More than twenty years since Croatia emerged as an independent state after a bloody conflict with Yugoslavia, the relics of war remain: fields of live land mines pose a deadly risk to people living in the region. But a local scientist is generating a lot of buzz for developing a novel approach to detecting mines.
Nikola Kezic, a professor and honey bee expert at Zagreb University, devised an experiment to train bees to associate the smell of food with TNT. By training the bees, Kezic hopes they can be used at mine detectors.

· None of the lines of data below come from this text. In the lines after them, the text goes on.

(* Let $A,A^*:V\to V$ be diagonalizable linear maps, each with exactly $d+1$ distinct eigenvalues, let $E_0,\dots,E_d$ be an ordering of the primitive idempotents of $A$ and $E^*_0,\dots,E^*_d$ an ordering of those of $A^*$, with $\theta_i$ (resp. $\theta^*_i$) the eigenvalue of $A$ (resp. $A^*$) for $E_i$ (resp. $E^*_i$), and assume $\dim E^*_0V=1$. Let $\{\zeta_i\}_{i=0}^d$ be the split sequence. Then $$\zeta_d=\eta^*_d(\theta^*_0)\,\tau_d(\theta_d)\,\mathrm{tr}(E_dE^*_0),\qquad \sum_{i=0}^d\eta_{d-i}(\theta_0)\eta^*_{d-i}(\theta^*_0)\zeta_i=\eta^*_d(\theta^*_0)\,\eta_d(\theta_0)\,\mathrm{tr}(E_0E^*_0).$$
   Context: $V$ is a nonzero finite-dimensional vector space over an algebraically closed field $\mathcal K$. The primitive idempotent of a diagonalizable $X$ for eigenvalue $\lambda_i$ is $\prod_{j\ne i}\frac{X-\lambda_jI}{\lambda_i-\lambda_j}$. Polynomials: $\eta_i(x)=\prod_{j=0}^{i-1}(x-\theta_{d-j})$, $\eta^*_i(x)=\prod_{j=0}^{i-1}(x-\theta^*_{d-j})$, $\tau_i(x)=\prod_{j=0}^{i-1}(x-\theta_j)$ for $0\le i\le d$ (empty products equal $1$). Since $\dim E^*_0V=1$, the map $E^*_0\tau_i(A)$ acts on $E^*_0V$ as a scalar $\chi_i$; the split sequence is $\zeta_i=(\theta^*_0-\theta^*_1)\cdots(\theta^*_0-\theta^*_i)\chi_i$ for $0\le i\le d$. *)

theory Defs
  imports "Jordan_Normal_Form.DL_Rank" "Jordan_Normal_Form.Char_Poly"
    "HOL-Computational_Algebra.Polynomial"
begin

fun mat_prod_list :: "nat \<Rightarrow> 'a::comm_ring_1 mat list \<Rightarrow> 'a mat" where
  "mat_prod_list n [] = 1\<^sub>m n"
| "mat_prod_list n (M # Ms) = M * mat_prod_list n Ms"

definition mtrace :: "'a::comm_ring_1 mat \<Rightarrow> 'a" where
  "mtrace M = (\<Sum>i<dim_row M. M $$ (i, i))"

definition diagonalizable :: "'a::comm_ring_1 mat \<Rightarrow> bool" where
  "diagonalizable M \<longleftrightarrow> (\<exists>D. similar_mat M D \<and> diagonal_mat D)"

definition prim_idem :: "nat \<Rightarrow> 'a::field mat \<Rightarrow> (nat \<Rightarrow> 'a) \<Rightarrow> nat \<Rightarrow> nat \<Rightarrow> 'a mat" where
  "prim_idem n X th d i = mat_prod_list n
     (map (\<lambda>j. (1 / (th i - th j)) \<cdot>\<^sub>m (X - th j \<cdot>\<^sub>m 1\<^sub>m n)) (filter (\<lambda>j. j \<noteq> i) [0..<Suc d]))"

definition eta_poly :: "(nat \<Rightarrow> 'a::comm_ring_1) \<Rightarrow> nat \<Rightarrow> nat \<Rightarrow> 'a \<Rightarrow> 'a" where
  "eta_poly th d i x = (\<Prod>j<i. x - th (d - j))"

definition tau_poly :: "(nat \<Rightarrow> 'a::comm_ring_1) \<Rightarrow> nat \<Rightarrow> 'a \<Rightarrow> 'a" where
  "tau_poly th i x = (\<Prod>j<i. x - th j)"

definition tau_mat :: "nat \<Rightarrow> 'a::comm_ring_1 mat \<Rightarrow> (nat \<Rightarrow> 'a) \<Rightarrow> nat \<Rightarrow> 'a mat" where
  "tau_mat n X th i = mat_prod_list n (map (\<lambda>j. X - th j \<cdot>\<^sub>m 1\<^sub>m n) [0..<i])"

definition split_chi :: "nat \<Rightarrow> 'a::field mat \<Rightarrow> 'a mat \<Rightarrow> (nat \<Rightarrow> 'a) \<Rightarrow> nat \<Rightarrow> 'a" where
  "split_chi n X Es0 th i = (THE c. \<forall>v \<in> carrier_vec n.
      (Es0 * tau_mat n X th i) *\<^sub>v (Es0 *\<^sub>v v) = c \<cdot>\<^sub>v (Es0 *\<^sub>v v))"

definition split_seq :: "nat \<Rightarrow> 'a::field mat \<Rightarrow> 'a mat \<Rightarrow> (nat \<Rightarrow> 'a) \<Rightarrow> (nat \<Rightarrow> 'a) \<Rightarrow> nat \<Rightarrow> nat \<Rightarrow> 'a" where
  "split_seq n X Xs th ths d i =
     (\<Prod>j\<in>{1..i}. ths 0 - ths j) * split_chi n X (prim_idem n Xs ths d 0) th i"

end

theory Submission
  imports Defs "Jordan_Normal_Form.DL_Rank_Submatrix"
begin

text \<open>
  Since E*_0 has rank one, all 2x2 minors of E*_0 vanish, so E*_0 = u w^T and therefore
  E*_0 M E*_0 = tr(M E*_0) E*_0 for every M. Hence chi_i = tr(tau_i(A) E*_0), and each zeta_i
  is a multiple of tr(tau_i(A) E*_0). On the other side, the Lagrange formula for the primitive
  idempotents gives tau_d(theta_d) E_d = tau_d(A) and
  eta_d(theta_0) E_0 = (A - theta_1) ... (A - theta_d); writing A - theta_m as
  (A - theta_0) + (theta_0 - theta_m) and telescoping, the latter product equals
  sum_i eta_(d-i)(theta_0) tau_i(A). Both identities now follow from the linearity of
  X \<mapsto> tr(X E*_0).
\<close>

lemma det_mat_2:
  fixes f :: "nat \<times> nat \<Rightarrow> 'a::comm_ring_1"
  shows "det (mat 2 2 f) = f (0,0) * f (1,1) - f (0,1) * f (1,0)"
proof -
  have "det (mat 2 2 f) = (\<Sum>i<2. mat 2 2 f $$ (i,0) * cofactor (mat 2 2 f) i 0)"
    by (rule laplace_expansion_column) auto
  also have "\<dots> = f (0,0) * cofactor (mat 2 2 f) 0 0 + f (1,0) * cofactor (mat 2 2 f) 1 0"
    by (simp add: numeral_2_eq_2)
  also have "cofactor (mat 2 2 f) 0 0 = f (1,1)"
    unfolding cofactor_def by (subst det_single) (auto simp: mat_delete_def)
  also have "cofactor (mat 2 2 f) 1 0 = - f (0,1)"
    unfolding cofactor_def by (subst det_single) (auto simp: mat_delete_def)
  finally show ?thesis by (simp add: algebra_simps)
qed

lemma pick_doubleton:
  assumes "(i::nat) < j"
  shows "pick {i,j} 0 = i" and "pick {i,j} 1 = j"
proof -
  show i: "pick {i,j} 0 = i" using assms by (auto intro!: Least_equality)
  show "pick {i,j} 1 = j" using assms i by (auto simp: One_nat_def intro!: Least_equality)
qed

lemma rank_le_1_minor_ordered:
  fixes E :: "'a::field mat"
  assumes E: "E \<in> carrier_mat n m" and rank: "vec_space.rank n E \<le> 1"
    and ij: "i < j" "j < n" and kl: "k < l" "l < m"
  shows "E $$ (i,k) * E $$ (j,l) = E $$ (i,l) * E $$ (j,k)"
proof (rule ccontr)
  assume "\<not> ?thesis"
  have rows: "{x. x < dim_row E \<and> x \<in> {i,j}} = {i,j}" and cols: "{x. x < dim_col E \<and> x \<in> {k,l}} = {k,l}"
    using E ij kl by auto
  have "submatrix E {i,j} {k,l} = mat 2 2 (\<lambda>(a,b). E $$ (pick {i,j} a, pick {k,l} b))"
    unfolding submatrix_def rows cols using ij(1) kl(1) by (simp add: numeral_2_eq_2)
  then have "det (submatrix E {i,j} {k,l}) = E $$ (i,k) * E $$ (j,l) - E $$ (i,l) * E $$ (j,k)"
    using pick_doubleton[OF ij(1)] pick_doubleton[OF kl(1)] by (simp add: det_mat_2 del: pick.simps)
  with \<open>\<not> ?thesis\<close> have "det (submatrix E {i,j} {k,l}) \<noteq> 0" by simp
  from vec_space.rank_gt_minor[OF E this] have "card {x. x < m \<and> x \<in> {k,l}} \<le> 1"
    using rank by simp
  moreover have "{x. x < m \<and> x \<in> {k,l}} = {k,l}" using kl by auto
  ultimately show False using kl(1) by simp
qed

lemma rank_le_1_minor:
  fixes E :: "'a::field mat"
  assumes E: "E \<in> carrier_mat n m" and rank: "vec_space.rank n E \<le> 1"
    and "i < n" "j < n" "k < m" "l < m"
  shows "E $$ (i,k) * E $$ (j,l) = E $$ (i,l) * E $$ (j,k)"
  using rank_le_1_minor_ordered[OF E rank] assms(3-)
  by (cases i j rule: linorder_cases; cases k l rule: linorder_cases) (metis mult.commute)+

lemma rank_1_nonzero_entry:
  fixes E :: "'a::field mat"
  assumes E: "E \<in> carrier_mat n m" and rank: "vec_space.rank n E = 1"
  obtains p q where "p < n" "q < m" "E $$ (p,q) \<noteq> 0"
proof -
  have "vec_space.rank n (0\<^sub>m n m :: 'a mat) = 0" by (rule vec_space.rank_0I)
  with rank have nonzero: "E \<noteq> 0\<^sub>m n m" by auto
  have "\<exists>p q. p < n \<and> q < m \<and> E $$ (p,q) \<noteq> 0"
  proof (rule ccontr)
    assume "\<not> ?thesis"
    then have "E = 0\<^sub>m n m" using E by (auto intro!: eq_matI)
    with nonzero show False ..
  qed
  then show ?thesis using that by blast
qed

lemma rank_1_entries_factor:
  fixes E :: "'a::field mat"
  assumes E: "E \<in> carrier_mat n m" and rank: "vec_space.rank n E = 1"
  obtains u w where "\<And>x y. x < n \<Longrightarrow> y < m \<Longrightarrow> E $$ (x,y) = u x * w y"
proof -
  obtain p q where pq: "p < n" "q < m" "E $$ (p,q) \<noteq> 0"
    by (rule rank_1_nonzero_entry[OF E rank])
  have "E $$ (x,y) = E $$ (x,q) * (E $$ (p,y) / E $$ (p,q))" if "x < n" "y < m" for x y
    using rank_le_1_minor[OF E _ that(1) pq(1) that(2) pq(2)] rank pq(3)
    by (simp add: field_simps)
  then show ?thesis by (rule that)
qed

lemma rank_1_sandwich:
  fixes E M :: "'a::field mat"
  assumes E: "E \<in> carrier_mat n n" and rank: "vec_space.rank n E = 1" and M: "M \<in> carrier_mat n n"
  shows "E * M * E = mtrace (M * E) \<cdot>\<^sub>m E"
proof -
  obtain u w where uw: "\<And>x y. x < n \<Longrightarrow> y < n \<Longrightarrow> E $$ (x,y) = u x * w y"
    using rank_1_entries_factor[OF E rank] by blast
  define s where "s = (\<Sum>b<n. \<Sum>a<n. w b * M $$ (b,a) * u a)"
  have "mtrace (M * E) = s"
    unfolding mtrace_def s_def using M E
    by (auto simp: scalar_prod_def uw sum_distrib_left ac_simps atLeast0LessThan intro!: sum.cong)
  moreover have "(E * M * E) $$ (i,j) = u i * s * w j" if "i < n" "j < n" for i j
  proof -
    have "(E * M * E) $$ (i,j) = (\<Sum>b<n. \<Sum>a<n. u i * w b * M $$ (b,a) * (u a * w j))"
      using that E M
      by (simp add: scalar_prod_def uw sum_distrib_left sum_distrib_right atLeast0LessThan ac_simps)
    also have "\<dots> = u i * s * w j"
      unfolding s_def by (simp add: sum_distrib_left sum_distrib_right ac_simps)
    finally show ?thesis .
  qed
  ultimately show ?thesis using E M by (auto simp: uw)
qed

About 470 square miles (750 sq. km) of land in Croatia is still believed to be peppered with land mines; the Associated Press estimates 90,000 land mines were planted during Croatia's war for independence from Yugoslavia in the early 1990s. In the two decades since the war ended, land mines have killed 316 people in Croatia, including 66 de-miners, according to Dijana Plestina, the head of the Croatian government's de-mining bureau, who spoke with the AP.
"While this exists, we are living in a kind of terror, at least for the people who are living in areas suspected to have mines," she said. "And of course, that is unacceptable. We will not be a country in peace until this problem is solved."
Enter Kezic, who uses classic Pavlovian conditioning to get the bees to associate the smell of explosives with a food source by mixing a sugar solution into TNT. Once enough bees are trained to seek the scent of TNT, swarms of them will be released into already de-mined fields, where there is still a real risk of accidentally tripping an unaccounted for land mine. Researchers can use heat-seeking cameras to track the trained bees, which will gather around any undetected mines.
"We are not saying that we will discover all the mines on a minefield, but the fact is that it should be checked if a minefield is really de-mined," Kezic said. "It has been scientifically proven that there are never zero mines on a de-mined field, and that's where bees could come in."